Dr. John B. Gurdon, a British biologist and Nobel laureate who in the early 1960s introduced a paradigm-shifting method of cell manipulation that led to the world’s first cloning of a large mammal, a sheep named Dolly, died on Tuesday. He was 92.
His death was confirmed by Ben Simons, the director of the Gurdon Institute, a research center founded in Dr. Gurdon’s name in 1991 at the University of Cambridge in England. He did not specify where Dr. Gurdon died or cite the cause.

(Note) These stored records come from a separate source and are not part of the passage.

lemma cluster_product_lower_bound:
  fixes lam :: "nat \<Rightarrow> real" and \<delta> :: real
  assumes carr: "\<forall>j<m. P j \<in> carrier_vec (n+1)"
    and unit: "\<forall>j<m. tail_mass (Suc n) u (\<lambda>i. P j $ i) 0 = 1"
    and pos: "\<forall>k\<le>n. 0 < lam k" and mono: "\<forall>k l. k \<le> l \<longrightarrow> l \<le> n \<longrightarrow> lam k \<le> lam l"
    and \<delta>: "0 < \<delta>" "\<delta> \<le> 1"
    and threshold: "\<And>K. 0 < K \<Longrightarrow> K \<le> n \<Longrightarrow>
       card {j\<in>{..<m}. tail_mass (Suc n) u (\<lambda>i. P j $ i) K < \<delta>} \<le> phi n m P (int (K - 1))"
  shows "\<delta> ^ m * (\<Prod>k\<le>n. lam k ^ (phi n m P (int k) - phi n m P (int k - 1))) \<le>
    (\<Prod>j<m. \<Sum>s<Suc n. lam s * (cmod (cinner (Suc n) (u s) (\<lambda>i. P j $ i)))\<^sup>2)"
proof -
  let ?t = "\<lambda>j K. tail_mass (Suc n) u (\<lambda>i. P j $ i) K"
  let ?h = "\<lambda>j. \<Sum>s<Suc n. lam s * (cmod (cinner (Suc n) (u s) (\<lambda>i. P j $ i)))\<^sup>2"
  have "\<forall>j. \<exists>k. j < m \<longrightarrow> k \<le> n \<and> \<delta> \<le> ?t j k \<and> (\<forall>k'. k < k' \<longrightarrow> k' \<le> n \<longrightarrow> ?t j k' < \<delta>)"
  proof (intro allI)
    fix j
    show "\<exists>k. j < m \<longrightarrow> k \<le> n \<and> \<delta> \<le> ?t j k \<and> (\<forall>k'. k < k' \<longrightarrow> k' \<le> n \<longrightarrow> ?t j k' < \<delta>)"
    proof (cases "j < m")
      case True
      with unit \<delta> have "\<delta> \<le> ?t j 0" by simp
      then have "\<exists>k\<le>n. \<delta> \<le> ?t j k \<and> (\<forall>k'. k < k' \<longrightarrow> k' \<le> n \<longrightarrow> \<not> \<delta> \<le> ?t j k')"
        by (rule exists_last_index)
      then show ?thesis by (auto simp: not_le)
    qed simp
  qed
  then obtain \<sigma> where \<sigma>n: "\<forall>j<m. \<sigma> j \<le> n" and \<sigma>t: "\<forall>j<m. \<delta> \<le> ?t j (\<sigma> j)"
    and \<sigma>last: "\<forall>j<m. \<forall>k'. \<sigma> j < k' \<longrightarrow> k' \<le> n \<longrightarrow> ?t j k' < \<delta>"
    by metis
  have count: "card {j\<in>{..<m}. \<sigma> j < K} \<le> phi n m P (int (K - 1))" if "0 < K" "K \<le> n" for K
  proof -
    have "card {j\<in>{..<m}. \<sigma> j < K} \<le> card {j\<in>{..<m}. ?t j K < \<delta>}"
      using \<sigma>last that by (intro card_mono) auto
    also have "\<dots> \<le> phi n m P (int (K - 1))" by (rule threshold[OF that])
    finally show ?thesis .
  qed
  have "\<delta> ^ m * (\<Prod>k\<le>n. lam k ^ (phi n m P (int k) - phi n m P (int k - 1))) \<le>
      \<delta> ^ m * (\<Prod>j<m. lam (\<sigma> j))"
    using prod_phi_power_le[OF carr pos mono \<sigma>n count] \<delta> by simp
  also have "\<dots> = (\<Prod>j<m. lam (\<sigma> j) * \<delta>)"
    by (simp add: prod.distrib mult.commute)
  also have "\<dots> \<le> (\<Prod>j<m. lam (\<sigma> j) * ?t j (\<sigma> j))"
    using pos \<sigma>n \<sigma>t \<delta> by (intro prod_mono) (auto intro: mult_left_mono)
  also have "\<dots> \<le> (\<Prod>j<m. ?h j)"
  proof (rule prod_mono)
    fix j assume "j \<in> {..<m}"
    with \<sigma>n pos have "0 \<le> lam (\<sigma> j) * ?t j (\<sigma> j)"
      by (intro mult_nonneg_nonneg tail_mass_nonneg) (auto intro: less_imp_le)
    moreover have "lam (\<sigma> j) * ?t j (\<sigma> j) \<le> ?h j"
      using pos mono \<sigma>n \<open>j \<in> {..<m}\<close>
      by (intro weighted_mass_ge_tail_mass) (auto simp: less_Suc_eq_le)
    ultimately show "0 \<le> lam (\<sigma> j) * ?t j (\<sigma> j) \<and> lam (\<sigma> j) * ?t j (\<sigma> j) \<le> ?h j" by blast
  qed
  finally show ?thesis .
qed

lemma herm_form_product_lower_bound:
  fixes P :: "nat \<Rightarrow> complex vec" and lam :: "nat \<Rightarrow> real" and \<delta> :: real
  assumes carr: "\<forall>j<m. P j \<in> carrier_vec (n+1)"
    and norm: "\<forall>j<m. (\<Sum>i<n+1. cnj (P j $ i) * P j $ i) = 1"
    and \<delta>: "0 < \<delta>" "\<delta> \<le> 1"
    and threshold: "\<And>u K. orthonormal_basis (Suc n) u \<Longrightarrow> 0 < K \<Longrightarrow> K \<le> n \<Longrightarrow>
      card {j\<in>{..<m}. tail_mass (Suc n) u (\<lambda>i. P j $ i) K < \<delta>} \<le> phi n m P (int (K - 1))"
    and Q: "Q \<in> carrier_mat (n+1) (n+1)" and herm: "hermitian_mat Q"
    and cp: "char_poly Q = (\<Prod>k\<le>n. [:- complex_of_real (lam k), 1:])"
    and lam0: "0 < lam 0" and lam_step: "\<forall>k<n. lam k \<le> lam (Suc k)"
  shows "complex_of_real (\<delta> ^ m * (\<Prod>k\<le>n. lam k ^ (phi n m P (int k) - phi n m P (int k - 1))))
    \<le> (\<Prod>j<m. herm_form n Q (P j))"
proof -
  obtain u where ob: "orthonormal_basis (Suc n) u"
    and eig: "\<And>k i. k < Suc n \<Longrightarrow> i < Suc n \<Longrightarrow> mat_apply (Suc n) Q (u k) i = complex_of_real (lam k) * u k i"
    using hermitian_orthonormal_eigenbasis[of Q "Suc n" "\<lambda>k. complex_of_real (lam k)"] Q herm cp
    by (auto simp: lessThan_Suc_atMost)
  have mono: "\<forall>k l. k \<le> l \<longrightarrow> l \<le> n \<longrightarrow> lam k \<le> lam l"
    using lam_step by (auto intro: lift_Suc_mono_le_ivl[of "{..<n}"])
  have pos: "\<forall>k\<le>n. 0 < lam k"
    using lam0 mono by (meson le0 less_le_trans)
  have unit: "\<forall>j<m. tail_mass (Suc n) u (\<lambda>i. P j $ i) 0 = 1"
  proof (intro allI impI)
    fix j assume "j < m"
    with norm have "cinner (Suc n) (\<lambda>i. P j $ i) (\<lambda>i. P j $ i) = 1"
      unfolding cinner_def by simp
    then show "tail_mass (Suc n) u (\<lambda>i. P j $ i) 0 = 1"
      unfolding cinner_self orthonormal_basis_parseval[OF ob] of_real_eq_1_iff .
  qed
  let ?h = "\<lambda>j. \<Sum>s<Suc n. lam s * (cmod (cinner (Suc n) (u s) (\<lambda>i. P j $ i)))\<^sup>2"
  have "herm_form n Q (P j) = complex_of_real (?h j)" for j
    unfolding herm_form_def using hermitian_form_eigen_expansion[OF ob eig] by simp
  then have eq: "(\<Prod>j<m. herm_form n Q (P j)) = complex_of_real (\<Prod>j<m. ?h j)"
    by (simp add: of_real_prod)
  have le: "\<delta> ^ m * (\<Prod>k\<le>n. lam k ^ (phi n m P (int k) - phi n m P (int k - 1))) \<le> (\<Prod>j<m. ?h j)"
    by (rule cluster_product_lower_bound[OF carr unit pos mono \<delta> threshold[OF ob]])
  have of_real_mono: "complex_of_real x \<le> complex_of_real y" if "x \<le> y" for x y :: real
    using that by (simp add: less_eq_complex_def)
  show ?thesis unfolding eq by (rule of_real_mono[OF le])
qed

theorem mainTheorem1:
  fixes n m :: nat and P :: "nat \<Rightarrow> complex vec"
  assumes "\<forall>j<m. P j \<in> carrier_vec (n+1)"
    and "\<forall>j<m. (\<Sum>i<n+1. cnj (P j $ i) * P j $ i) = 1"
  shows "\<exists>c :: real. c > 0 \<and>
    (\<forall>(Q :: complex mat) (lam :: nat \<Rightarrow> real).
       Q \<in> carrier_mat (n+1) (n+1) \<longrightarrow> hermitian_mat Q \<longrightarrow> pos_def_mat n Q \<longrightarrow>
       char_poly Q = (\<Prod>k\<le>n. [:- complex_of_real (lam k), 1:]) \<longrightarrow>
       0 < lam 0 \<longrightarrow> (\<forall>k<n. lam k \<le> lam (Suc k)) \<longrightarrow>
       (\<Prod>j<m. herm_form n Q (P j)) \<ge>
         complex_of_real (c * (\<Prod>k\<le>n. lam k ^ (phi n m P (int k) - phi n m P (int k - 1)))))"
proof -
  obtain \<delta> :: real where \<delta>: "0 < \<delta>" "\<delta> \<le> 1" and threshold: "\<And>u K. orthonormal_basis (Suc n) u \<Longrightarrow>
      0 < K \<Longrightarrow> K \<le> n \<Longrightarrow>
      card {j\<in>{..<m}. tail_mass (Suc n) u (\<lambda>i. P j $ i) K < \<delta>} \<le> phi n m P (int (K - 1))"
    using uniform_tail_threshold[OF assms(1)] by blast
  show ?thesis
    using herm_form_product_lower_bound[OF assms \<delta> threshold] \<delta>
    by (intro exI[of _ "\<delta> ^ m"]) auto
qed

end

An emeritus professor at the university, Dr. Gurdon was a giant in the field of developmental biology. His lifelong work in the study and manipulation of cells laid the foundation for stem cell biology and the discipline of regenerative medicine, an emerging process of manipulating patients’ cells to produce replacement organs or tissues.
Dr. Gurdon first came to global prominence in 1962 as a graduate student at the University of Oxford, with the publication of his now classic experiments involving the cloning of the frog species Xenopus laevis.
In that research, he extracted the nuclei from the intestinal cells of a mature frog, which contained the amphibian’s DNA. He then injected the nuclei into frog egg cells whose nuclei had been removed. The eggs efficiently “reprogrammed” the genes in the transplanted nucleus: They switched from performing the role of a highly differentiated intestinal cell to reproducing an organism, a process known as nuclear reprogramming.
At the time, scientists believed that a specialized cell, like an intestinal cell, was incapable of performing duties other than those of an intestinal cell. The experiment, in Oxford’s embryology laboratory, proved that cells retain all of their genetic information no matter how specialized.